But if you’re pretending using LLMs to write code does not correlate with a certain level of disregard to the quality of the resulting software, then you are either lying to yourself or us.

That’s a large assertion to make without any evidence to back it up, even before you get to the accusing me of lying part. There are a lot of people who care about the quality of the resulting software who use LLMs specifically because it helps them write better software–and as these tools have dropped the costs for trying to fix things the quality of software is likely to increase.

Consider: would you prefer a pile of untouched bug reports because the humans are all swamped or burned out, or would you prefer somebody attempting to fix those bug reports (and likely failing! Even a success rate of 10% is a net win if we get 11x more attempts!)?

They’re just gonna slop it out, publish and not care. It’s not about moralising, it’s about not painting a bigger supply chain attack target on us than necessary, and a default off config option sounds reasonable here.

That supply chain attack target already existed, and it’s trivial to obfuscate the use of these tools anyways. It’s just adding a friction point that’ll be used to further fracture and divide and promote unfriendly behavior (for example, your calling of me a liar just now).

Even assuming that adding such a tag is a good idea (which, again, I think is an incorrect assumption but let’s walk the garden path…), we still have this unanswered problem:

“How much LLM content earns the tag?”

Like, on one extreme, you have something like Gastown that is all vibes and just totally bonkers. On the other extreme, you have projects that’s won’t accept any computer assistance (except for, of course, linkers, and compilers, and SAT solvers, and profilers, and…).

How many bugfixes with Claude as a co-author make a project get the slop tag? If Firefox merges one do we now flag Firefox with that? How about the Linux kernel? For how many years, given industry trends, is this even going to be a relevant question?

6 Likes

I think this is the crucial point from a policy perspective:

There’s no way to make a good objective measure, whether you want to or not. It really is no different from overly heavy stackoverflow use in the past.

I do sympathize, and actually agree that generally heavy LLM use is a smell and leads to long-term stagnation - I see it second-hand daily, at work and in the wild. But it’s not really different from any other poor practice (besides copyright implications, but who actually believes the de-facto authorative US courts will rule against nvidia in 2026?).

Bad code is bad code, and nixpkgs currently has no quality assessment criteria for packages. It’d be weird to selectively introduce one just for this; there are honestly more egregious flaws that are totally permissible.

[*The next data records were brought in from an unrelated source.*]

(* Let $T$ be a $J$-unitary operator on ${\cal K}$. Then $$\Re e\,V(T)=({\bf 1}+T)\bigl({\bf 1}+T^*T\bigr)^{-1}({\bf 1}+T)^*-{\bf 1},$$ where $\Re e\,V(T)=\tfrac12(V(T)+V(T)^* )$.
   Context: ${\cal H}$ is a separable complex Hilbert space, ${\cal K}={\cal H}\oplus{\cal H}$, $J=\begin{pmatrix}{\bf 1}&0\\0&-{\bf 1}\end{pmatrix}$. A bounded invertible $T$ on ${\cal K}$ is $J$-unitary if $T^*JT=J$; writing $T=\begin{pmatrix}a&b\\c&d\end{pmatrix}$ the blocks $a,d$ are invertible. $V(T)$ denotes the unitary $\begin{pmatrix}(a^* )^{-1}&bd^{-1}\\-d^{-1}c&d^{-1}\end{pmatrix}$. *)

theory Defs
  imports "HOL-Analysis.Analysis"
begin

text \<open>A complex inner product space is encoded as a real inner product space together
with a complex scalar multiplication extending the real one, for which multiplication by
the imaginary unit is isometric. The complex inner product (linear in the first argument)
is then recovered as below; its real part is the real inner product.\<close>

class complex_inner = real_inner +
  fixes scaleC :: "complex \<Rightarrow> 'a \<Rightarrow> 'a"
  assumes scaleC_add_right: "scaleC a (x + y) = scaleC a x + scaleC a y"
    and scaleC_add_left: "scaleC (a + b) x = scaleC a x + scaleC b x"
    and scaleC_scaleC: "scaleC a (scaleC b x) = scaleC (a * b) x"
    and scaleC_one: "scaleC 1 x = x"
    and scaleR_scaleC: "scaleR r x = scaleC (complex_of_real r) x"
    and inner_scaleC_ii: "inner (scaleC \<i> x) (scaleC \<i> y) = inner x y"

class chilbert_space = complex_inner + complete_space

definition cinner :: "'a::complex_inner \<Rightarrow> 'a \<Rightarrow> complex" where
  "cinner x y = Complex (inner x y) (inner x (scaleC \<i> y))"

definition bounded_clinear_op :: "('a::complex_inner \<Rightarrow> 'a) \<Rightarrow> bool" where
  "bounded_clinear_op f \<longleftrightarrow> bounded_linear f \<and> (\<forall>c x. f (scaleC c x) = scaleC c (f x))"

definition adjH :: "('a::complex_inner \<Rightarrow> 'a) \<Rightarrow> ('a \<Rightarrow> 'a)" where
  "adjH A = (THE B. \<forall>x y. cinner (B x) y = cinner x (A y))"

definition scaleK :: "complex \<Rightarrow> 'a::complex_inner \<times> 'a \<Rightarrow> 'a \<times> 'a" where
  "scaleK c p = (scaleC c (fst p), scaleC c (snd p))"

definition cinnerK :: "'a::complex_inner \<times> 'a \<Rightarrow> 'a \<times> 'a \<Rightarrow> complex" where
  "cinnerK p q = cinner (fst p) (fst q) + cinner (snd p) (snd q)"

definition bounded_clinear_opK :: "('a::complex_inner \<times> 'a \<Rightarrow> 'a \<times> 'a) \<Rightarrow> bool" where
  "bounded_clinear_opK T \<longleftrightarrow> bounded_linear T \<and> (\<forall>c p. T (scaleK c p) = scaleK c (T p))"

definition adjK :: "('a::complex_inner \<times> 'a \<Rightarrow> 'a \<times> 'a) \<Rightarrow> ('a \<times> 'a \<Rightarrow> 'a \<times> 'a)" where
  "adjK T = (THE S. \<forall>p q. cinnerK (S p) q = cinnerK p (T q))"

definition Jop :: "'a::complex_inner \<times> 'a \<Rightarrow> 'a \<times> 'a" where
  "Jop p = (fst p, - snd p)"
lemma oblique_inverse_error_eq:
  fixes B Binv C X :: "real mat"
  assumes B: "B \<in> carrier_mat m m" and Binv: "Binv \<in> carrier_mat m m" and inv: "Binv * B = 1\<^sub>m m"
    and C: "C \<in> carrier_mat m q" and X: "X \<in> carrier_mat q N"
    and BC: "B * transpose_mat B + C * transpose_mat C = 1\<^sub>m m"
  defines "s \<equiv> eigvals_desc (B * transpose_mat B)" and "l \<equiv> eigvals_desc (X * transpose_mat X)"
  obtains W where "W \<in> carrier_mat m q" "W * transpose_mat W = mat_diag m (\<lambda>i. 1 - s ! i)"
    "\<And>i. i < m \<Longrightarrow> 0 < s ! i"
    "(\<Sum>c<N. (Binv *\<^sub>v (C *\<^sub>v col X c)) \<bullet> (Binv *\<^sub>v (C *\<^sub>v col X c)))
      = (\<Sum>i<m. \<Sum>k<q. (W $$ (i, k))\<^sup>2 / s ! i * l ! k)"
proof -
  have BBT: "B * transpose_mat B \<in> carrier_mat m m" "transpose_mat (B * transpose_mat B) = B * transpose_mat B"
    using B by (simp_all add: transpose_mult[OF B])
  have XXT: "X * transpose_mat X \<in> carrier_mat q q" "transpose_mat (X * transpose_mat X) = X * transpose_mat X"
    using X by (simp_all add: transpose_mult[OF X])
  obtain Y where Y: "Y \<in> carrier_mat m m" "transpose_mat Y * Y = 1\<^sub>m m"
    and Ydiag: "transpose_mat Y * (B * transpose_mat B) * Y = mat_diag m (\<lambda>i. s ! i)"
    using eigvals_desc_symmetric(3)[OF BBT] unfolding s_def by blast
  obtain V where V: "V \<in> carrier_mat q q" "V * transpose_mat V = 1\<^sub>m q"
    and Vdiag: "X * transpose_mat X = V * mat_diag q (\<lambda>k. l ! k) * transpose_mat V"
    using eigvals_desc_decomposition[OF XXT] unfolding l_def by blast
  define H where "H = transpose_mat Y * B"
  define Z where "Z = transpose_mat Y * C"
  define Hinv where "Hinv = Binv * Y"
  note dims = carrier_matD[OF B] carrier_matD[OF Binv] carrier_matD[OF C] carrier_matD[OF Y(1)]
    carrier_matD[OF V(1)]
  have H: "H \<in> carrier_mat m m" and Z: "Z \<in> carrier_mat m q" and Hinv: "Hinv \<in> carrier_mat m m"
    using B C Binv Y by (simp_all add: H_def Z_def Hinv_def)
  have HHT: "H * transpose_mat H = mat_diag m (\<lambda>i. s ! i)"
    and ZZT: "Z * transpose_mat Z = mat_diag m (\<lambda>i. 1 - s ! i)"
    using orthogonal_conj_complementary_grams[OF B C Y BC Ydiag] by (simp_all add: H_def Z_def)
  have YYT: "Y * transpose_mat Y = 1\<^sub>m m"
    using mat_mult_left_right_inverse[OF _ Y(1) Y(2)] Y(1) by simp
  have "Binv * (Y * transpose_mat Y) * B = 1\<^sub>m m" using B Binv by (simp add: YYT inv)
  then have Hinv_H: "Hinv * H = 1\<^sub>m m" by (simp add: Hinv_def H_def assoc_mult_mat_dim dims)
  have s_pos: "0 < s ! i" if "i < m" for i
    by (rule gram_diag_pos_if_invertible[OF H Hinv Hinv_H HHT that])
  then have s_nz: "s ! i \<noteq> 0" if "i < m" for i using that by force
  have "Binv *\<^sub>v (C *\<^sub>v col X c) = Hinv *\<^sub>v (Z *\<^sub>v col X c)" if "c < N" for c
    using that B C X Binv Y
    by (simp add: Hinv_def Z_def YYT flip: assoc_mult_mat_vec[of _ m m _ m] assoc_mult_mat_vec[of _ m q _ N])
  then have "(\<Sum>c<N. (Binv *\<^sub>v (C *\<^sub>v col X c)) \<bullet> (Binv *\<^sub>v (C *\<^sub>v col X c)))
      = (\<Sum>i<m. \<Sum>k<q. ((Z * V) $$ (i, k))\<^sup>2 / s ! i * l ! k)"
    using inverse_error_sum_eq[OF H Hinv Hinv_H HHT s_nz Z X V(1) Vdiag] by simp
  moreover have "Z * V * transpose_mat (Z * V) = Z * (V * transpose_mat V) * transpose_mat Z"
    using Z by (simp add: transpose_mult_dim assoc_mult_mat_dim dims)
  then have "Z * V * transpose_mat (Z * V) = mat_diag m (\<lambda>i. 1 - s ! i)"
    using Z by (simp add: V(2) ZZT)
  moreover have "Z * V \<in> carrier_mat m q" using Z V(1) by simp
  ultimately show ?thesis using that s_pos by blast
qed
lemma supnorm_triangle:
  assumes "f \<in> Cspace r0" "g \<in> Cspace r0" "r0 \<ge> 0"
  shows "supnorm r0 g \<le> supnorm r0 f + supnorm r0 (\<lambda>\<theta>. g \<theta> - f \<theta>)"
  unfolding supnorm_def[of r0 g]
proof (rule cSUP_least)
  show "{-r0..0} \<noteq> {}" using assms by auto
  fix \<theta> assume \<theta>: "\<theta> \<in> {-r0..0}"
  have "norm (g \<theta>) \<le> norm (f \<theta>) + norm (g \<theta> - f \<theta>)" by (rule norm_triangle_sub)
  also have "\<dots> \<le> supnorm r0 f + supnorm r0 (\<lambda>\<theta>. g \<theta> - f \<theta>)"
    using norm_le_supnorm[OF assms(1) \<theta>] norm_le_supnorm[OF diff_Cspace[OF assms(1,2)] \<theta>] by simp
  finally show "norm (g \<theta>) \<le> supnorm r0 f + supnorm r0 (\<lambda>\<theta>. g \<theta> - f \<theta>)" .
qed

lemma space_Cborel [simp]: "space (Cborel r0) = Cspace r0"
  unfolding Cborel_def by (rule space_measure_of_conv)

lemma Copen_subset_Pow: "Copen r0 \<subseteq> Pow (Cspace r0)"
  unfolding Copen_def by auto

lemma Copen_in_sets_Cborel: "U \<in> Copen r0 \<Longrightarrow> U \<in> sets (Cborel r0)"
  unfolding Cborel_def sets_measure_of[OF Copen_subset_Pow] by auto

lemma supnorm_measurable:
  assumes "sets M = sets (Cborel r0)" "r0 \<ge> 0"
  shows "supnorm r0 \<in> borel_measurable M"
proof -
  have "{f \<in> Cspace r0. supnorm r0 f < a} \<in> Copen r0" for a
  proof -
    have "\<exists>e>0. {g \<in> Cspace r0. supnorm r0 (\<lambda>\<theta>. g \<theta> - f \<theta>) < e}
            \<subseteq> {f \<in> Cspace r0. supnorm r0 f < a}"
      if "f \<in> Cspace r0" "supnorm r0 f < a" for f
      using that supnorm_triangle[OF that(1) _ assms(2)]
      by (intro exI[of _ "a - supnorm r0 f"]) force
    then show ?thesis unfolding Copen_def by blast
  qed
  moreover have "space M = Cspace r0" using sets_eq_imp_space_eq[OF assms(1)] by simp
  ultimately show ?thesis
    unfolding borel_measurable_iff_less assms(1) by (auto intro: Copen_in_sets_Cborel)
qed
(* The boxed ramified monoid $\mathcal{BR}(\mathfrak{S}_n)$ is generated by $e_1,\ldots,e_{n-1}$ and $z_1,\ldots,z_{n-1}$.
   Context: $\mathfrak{C}_n$ is the partition monoid: set partitions of $[2n]$ (top points $1,\dots,n$, bottom points $n+1,\dots,2n$) with concatenation product $I*J$ (identify bottom point $n+i$ of $I$ with top point $i$ of $J$, join blocks transitively, delete the middle points). $I\preceq J$ means each block of $J$ is a union of blocks of $I$. $\mathfrak{S}_n\subseteq\mathfrak{C}_n$ consists of the partitions with all blocks of the form $\{i,n+j\}$; $s_i$ is the simple transposition; $1=\{\{i,n+i\}\}$. A set partition $J$ of $[2n]$ is boxed if $1\preceq J$ and the restriction of $J$ to $[n]$ is linear (all blocks intervals). For a submonoid $M\subseteq\mathfrak{C}_n$, $\mathcal{BR}(M)$ is the set of pairs $(I,J)$ with $I\in M$, $J$ boxed and $I\preceq J$, with product $(I,J)(H,K)=(I*H,J*K)$. Let $b_i$ be obtained from $1$ by merging the blocks $\{i,n+i\}$ and $\{i+1,n+i+1\}$; set $e_i=(1,b_i)$ and $z_i=(s_i,b_i)$ for $i\in[n-1]$. *)

theory Defs
  imports "HOL-Library.Disjoint_Sets"
begin

text \<open>Set partitions of [2n] = {1..2n}: top points 1..n, bottom points n+1..2n.
  A partition is represented as its set of blocks.\<close>

type_synonym spart = "nat set set"

definition cpart :: "nat \<Rightarrow> spart set" where
  "cpart n = {P. partition_on {1..2*n} P}"

definition samebl :: "spart \<Rightarrow> nat \<Rightarrow> nat \<Rightarrow> bool" where
  "samebl P x y \<longleftrightarrow> (\<exists>B\<in>P. x \<in> B \<and> y \<in> B)"

text \<open>Points of I keep their labels (its bottom points n+i become
  the middle points n+i); points of J are shifted: top i of J becomes the middle point n+i,
  bottom n+i of J becomes 2n+i. Blocks are joined transitively, middle points deleted.\<close>

definition concat_rel :: "nat \<Rightarrow> spart \<Rightarrow> spart \<Rightarrow> (nat \<times> nat) set" where
  "concat_rel n I J =
     {(x, y). samebl I x y} \<union> {(x + n, y + n) | x y. samebl J x y}"

definition outpt :: "nat \<Rightarrow> nat \<Rightarrow> nat" where
  "outpt n x = (if x \<le> n then x else x + n)"

definition concat :: "nat \<Rightarrow> spart \<Rightarrow> spart \<Rightarrow> spart" where
  "concat n I J =
     (\<lambda>x. {y \<in> {1..2*n}. (outpt n x, outpt n y) \<in> (concat_rel n I J)\<^sup>*}) ` {1..2*n}"

definition refines :: "spart \<Rightarrow> spart \<Rightarrow> bool" where
  "refines I J \<longleftrightarrow> (\<forall>B\<in>J. \<exists>S\<subseteq>I. B = \<Union>S)"

definition perm_part :: "nat \<Rightarrow> (nat \<Rightarrow> nat) \<Rightarrow> spart" where
  "perm_part n \<sigma> = {{i, n + \<sigma> i} | i. i \<in> {1..n}}"

definition one_part :: "nat \<Rightarrow> spart" where
  "one_part n = perm_part n id"

definition sym_part :: "nat \<Rightarrow> spart set" where
  "sym_part n = {P \<in> cpart n. \<forall>B\<in>P. \<exists>i\<in>{1..n}. \<exists>j\<in>{1..n}. B = {i, n + j}}"

definition swp :: "nat \<Rightarrow> nat \<Rightarrow> nat" where
  "swp i j = (if j = i then i + 1 else if j = i + 1 then i else j)"

definition s_part :: "nat \<Rightarrow> nat \<Rightarrow> spart" where
  "s_part n i = perm_part n (swp i)"

definition is_interval :: "nat set \<Rightarrow> bool" where
  "is_interval C \<longleftrightarrow> (\<forall>a b c. a \<in> C \<longrightarrow> c \<in> C \<longrightarrow> a \<le> b \<longrightarrow> b \<le> c \<longrightarrow> b \<in> C)"

definition restr_top :: "nat \<Rightarrow> spart \<Rightarrow> spart" where
  "restr_top n J = (\<lambda>B. B \<inter> {1..n}) ` J - {{}}"

definition boxed :: "nat \<Rightarrow> spart \<Rightarrow> bool" where
  "boxed n J \<longleftrightarrow> J \<in> cpart n \<and> refines (one_part n) J \<and> (\<forall>C\<in>restr_top n J. is_interval C)"

definition BR :: "nat \<Rightarrow> spart set \<Rightarrow> (spart \<times> spart) set" where
  "BR n M = {(I, J). I \<in> M \<and> boxed n J \<and> refines I J}"

definition br_mult :: "nat \<Rightarrow> spart \<times> spart \<Rightarrow> spart \<times> spart \<Rightarrow> spart \<times> spart" where
  "br_mult n p q = (concat n (fst p) (fst q), concat n (snd p) (snd q))"

definition b_part :: "nat \<Rightarrow> nat \<Rightarrow> spart" where
  "b_part n i = (one_part n - {{i, n + i}, {i + 1, n + i + 1}}) \<union> {{i, i + 1, n + i, n + i + 1}}"

definition e_gen :: "nat \<Rightarrow> nat \<Rightarrow> spart \<times> spart" where
  "e_gen n i = (one_part n, b_part n i)"

definition z_gen :: "nat \<Rightarrow> nat \<Rightarrow> spart \<times> spart" where
  "z_gen n i = (s_part n i, b_part n i)"

inductive_set br_generated :: "nat \<Rightarrow> (spart \<times> spart) set \<Rightarrow> (spart \<times> spart) set"
  for n G where
  unit: "(one_part n, one_part n) \<in> br_generated n G"
| gen: "g \<in> G \<Longrightarrow> g \<in> br_generated n G"
| mult: "x \<in> br_generated n G \<Longrightarrow> y \<in> br_generated n G \<Longrightarrow> br_mult n x y \<in> br_generated n G"

end

theory Submission
  imports Defs
begin

(* An element (I, J) of BR(S_n) is determined by a permutation sigma, I having the blocks
   {i, n + sigma i}, and by the set L of links i ~ i + 1 present in J: a boxed partition is the
   partition B_L whose top blocks are the maximal L-intervals, each top point i sharing its block
   with the bottom point n + i.  The condition I <= J says that sigma maps every i into its own
   L-interval.  Concatenation composes the permutations and unites the link sets, and
   e_i = (1, B_{i}), z_i = (s_i, B_{i}); hence every product of generators has this form.
   Conversely, (1, B_L) is the product of the e_i with i in L, and by bubble sort a permutation
   preserving the L-intervals is a product of adjacent transpositions s_j with j in L, so that
   multiplying (1, B_L) by the corresponding z_j adds no new links. *)

definition rel_on :: "'a set \<Rightarrow> ('a \<Rightarrow> 'a \<Rightarrow> bool) \<Rightarrow> ('a \<times> 'a) set" where
  "rel_on A r = {(x, y) \<in> A \<times> A. r x y}"

lemma equiv_rel_on:
  assumes "equivp r" shows "equiv A (rel_on A r)"
proof (rule equivI)
  show "refl_on A (rel_on A r)" using equivp_reflp[OF assms] by (auto simp: refl_on_def rel_on_def)
  show "sym (rel_on A r)" using equivp_symp[OF assms] by (auto simp: sym_def rel_on_def)
  show "trans (rel_on A r)" using equivp_transp[OF assms] by (auto simp: trans_def rel_on_def)
qed (auto simp: rel_on_def)

lemma partition_on_quotient_rel_on: "equivp r \<Longrightarrow> partition_on A (A // rel_on A r)"
  by (rule partition_on_quotient[OF equiv_rel_on])

lemma samebl_quotient_rel_on:
  assumes "equivp r"
  shows "samebl (A // rel_on A r) x y \<longleftrightarrow> x \<in> A \<and> y \<in> A \<and> r x y"
proof
  assume "samebl (A // rel_on A r) x y"
  then obtain X where "X \<in> A // rel_on A r" "{x, y} \<subseteq> X"
    unfolding samebl_def by blast
  then have "(x, y) \<in> rel_on A r"
    by (rule in_quotient_imp_in_rel[OF equiv_rel_on[OF assms]])
  then show "x \<in> A \<and> y \<in> A \<and> r x y"
    by (simp add: rel_on_def)
next
  assume xy: "x \<in> A \<and> y \<in> A \<and> r x y"
  then have "x \<in> rel_on A r `` {x}" "y \<in> rel_on A r `` {x}"
    using equivp_reflp[OF assms] by (auto simp: rel_on_def)
  moreover have "rel_on A r `` {x} \<in> A // rel_on A r"
    using xy by (intro quotientI) simp
  ultimately show "samebl (A // rel_on A r) x y"
    unfolding samebl_def by blast
qed

lemma partition_on_eq_quotient_rel_onI:
  assumes P: "partition_on A P"
    and r: "\<And>x y. x \<in> A \<Longrightarrow> y \<in> A \<Longrightarrow> samebl P x y \<longleftrightarrow> r x y"
  shows "P = A // rel_on A r"
proof -
  have "(\<exists>p\<in>P. x \<in> p \<and> y \<in> p) \<longleftrightarrow> x \<in> A \<and> y \<in> A \<and> r x y" for x y
    using r[of x y] partition_onD1[OF P] unfolding samebl_def by auto
  then have "{(x, y). \<exists>p\<in>P. x \<in> p \<and> y \<in> p} = rel_on A r"
    unfolding rel_on_def by auto
  then show ?thesis
    using partition_on_eq_quotient[OF P] by simp
qed

lemma samebl_sym: "samebl P x y \<Longrightarrow> samebl P y x"
  unfolding samebl_def by blast

lemma samebl_refl: "partition_on A P \<Longrightarrow> x \<in> A \<Longrightarrow> samebl P x x"
  unfolding samebl_def by (auto dest: partition_onD1)

lemma samebl_subset: "partition_on A P \<Longrightarrow> samebl P x y \<Longrightarrow> x \<in> A \<and> y \<in> A"
  unfolding samebl_def by (auto dest: partition_onD1)

lemma partition_on_block_unique:
  "partition_on A P \<Longrightarrow> B \<in> P \<Longrightarrow> C \<in> P \<Longrightarrow> x \<in> B \<Longrightarrow> x \<in> C \<Longrightarrow> B = C"
  using disjointD[OF partition_onD2] by blast

lemma samebl_in_block:
  assumes P: "partition_on A P" and "B \<in> P" "x \<in> B" "samebl P x y"
  shows "y \<in> B"
proof -
  obtain C where "C \<in> P" "x \<in> C" "y \<in> C" using assms(4) unfolding samebl_def by blast
  then show ?thesis using partition_on_block_unique[OF P \<open>B \<in> P\<close>] assms(3) by blast
qed

lemma samebl_trans: "partition_on A P \<Longrightarrow> samebl P x y \<Longrightarrow> samebl P y z \<Longrightarrow> samebl P x z"
  by (meson samebl_def samebl_in_block)

lemma refines_iff_subset_block:
  fixes P Q :: spart
  assumes P: "partition_on A P" and Q: "partition_on A Q"
  shows "refines P Q \<longleftrightarrow> (\<forall>B\<in>P. \<exists>C\<in>Q. B \<subseteq> C)"
proof
  assume ref: "refines P Q"
  show "\<forall>B\<in>P. \<exists>C\<in>Q. B \<subseteq> C"
  proof
    fix B assume B: "B \<in> P"
    then obtain x where x: "x \<in> B" using partition_onD3[OF P] by fastforce
    then have "x \<in> \<Union>P" using B by blast
    then have "x \<in> \<Union>Q" using partition_onD1[OF P] partition_onD1[OF Q] by simp
    then obtain C where C: "C \<in> Q" "x \<in> C" by blast
    then obtain S where S: "S \<subseteq> P" "C = \<Union>S" using ref unfolding refines_def by meson
    obtain B' where B': "B' \<in> S" "x \<in> B'" using C(2) unfolding S(2) by blast
    then have "B' = B" using partition_on_block_unique[OF P] S(1) B x by blast
    then have "B \<subseteq> C" unfolding S(2) using B'(1) by blast
    then show "\<exists>C\<in>Q. B \<subseteq> C" using C(1) by blast
  qed
next
  assume "\<forall>B\<in>P. \<exists>C\<in>Q. B \<subseteq> C"
  then have ref: "Disjoint_Sets.refines A P Q" using P Q by (simp add: Disjoint_Sets.refines_def)
  show "refines P Q"
    unfolding refines_def
  proof
    fix C assume "C \<in> Q"
    then have "partition_on C {B \<in> P. B \<subseteq> C}" by (rule refines_obtains_subset[OF ref])
    then have "C = \<Union>{B \<in> P. B \<subseteq> C}" by (rule partition_onD1)
    moreover have "{B \<in> P. B \<subseteq> C} \<subseteq> P" by (rule Collect_restrict)
    ultimately show "\<exists>S\<subseteq>P. C = \<Union>S" by (intro exI conjI)
  qed
qed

On specifically chardet...

The only difference here is the much clearer copyright risk, but as long as the upstream stays alive I don’t think it should be treated any differently than grey-area emulators and such.

As much as I hate what the chardet maintainer is doing, ultimately it’d be wrong to treat them differently simply because I dislike their particular moral interpretation of copyright law. We could argue that it goes against the spirit of FOSS, but that’d still just be selective application of policy, and sets a bad precedent. Besides, the nix ecosystem is mostly MIT licensed, so we’re not exactly a FOSS community.

Yay to emulators means yay to chardet, at least until they’re hit by a DMCA claim.

13 Likes

Guess why I was making disclaimers about anecdata? Because I am aware that I do not know for sure if that’s true. Still, I’d rate it as having a high enough probability of being true, that I’d rather have a default-off switch for this than not. I’m gonna readily admit thinking it’s likely true paints me as very cynical about other carbon-based lifeforms, but it is what it is.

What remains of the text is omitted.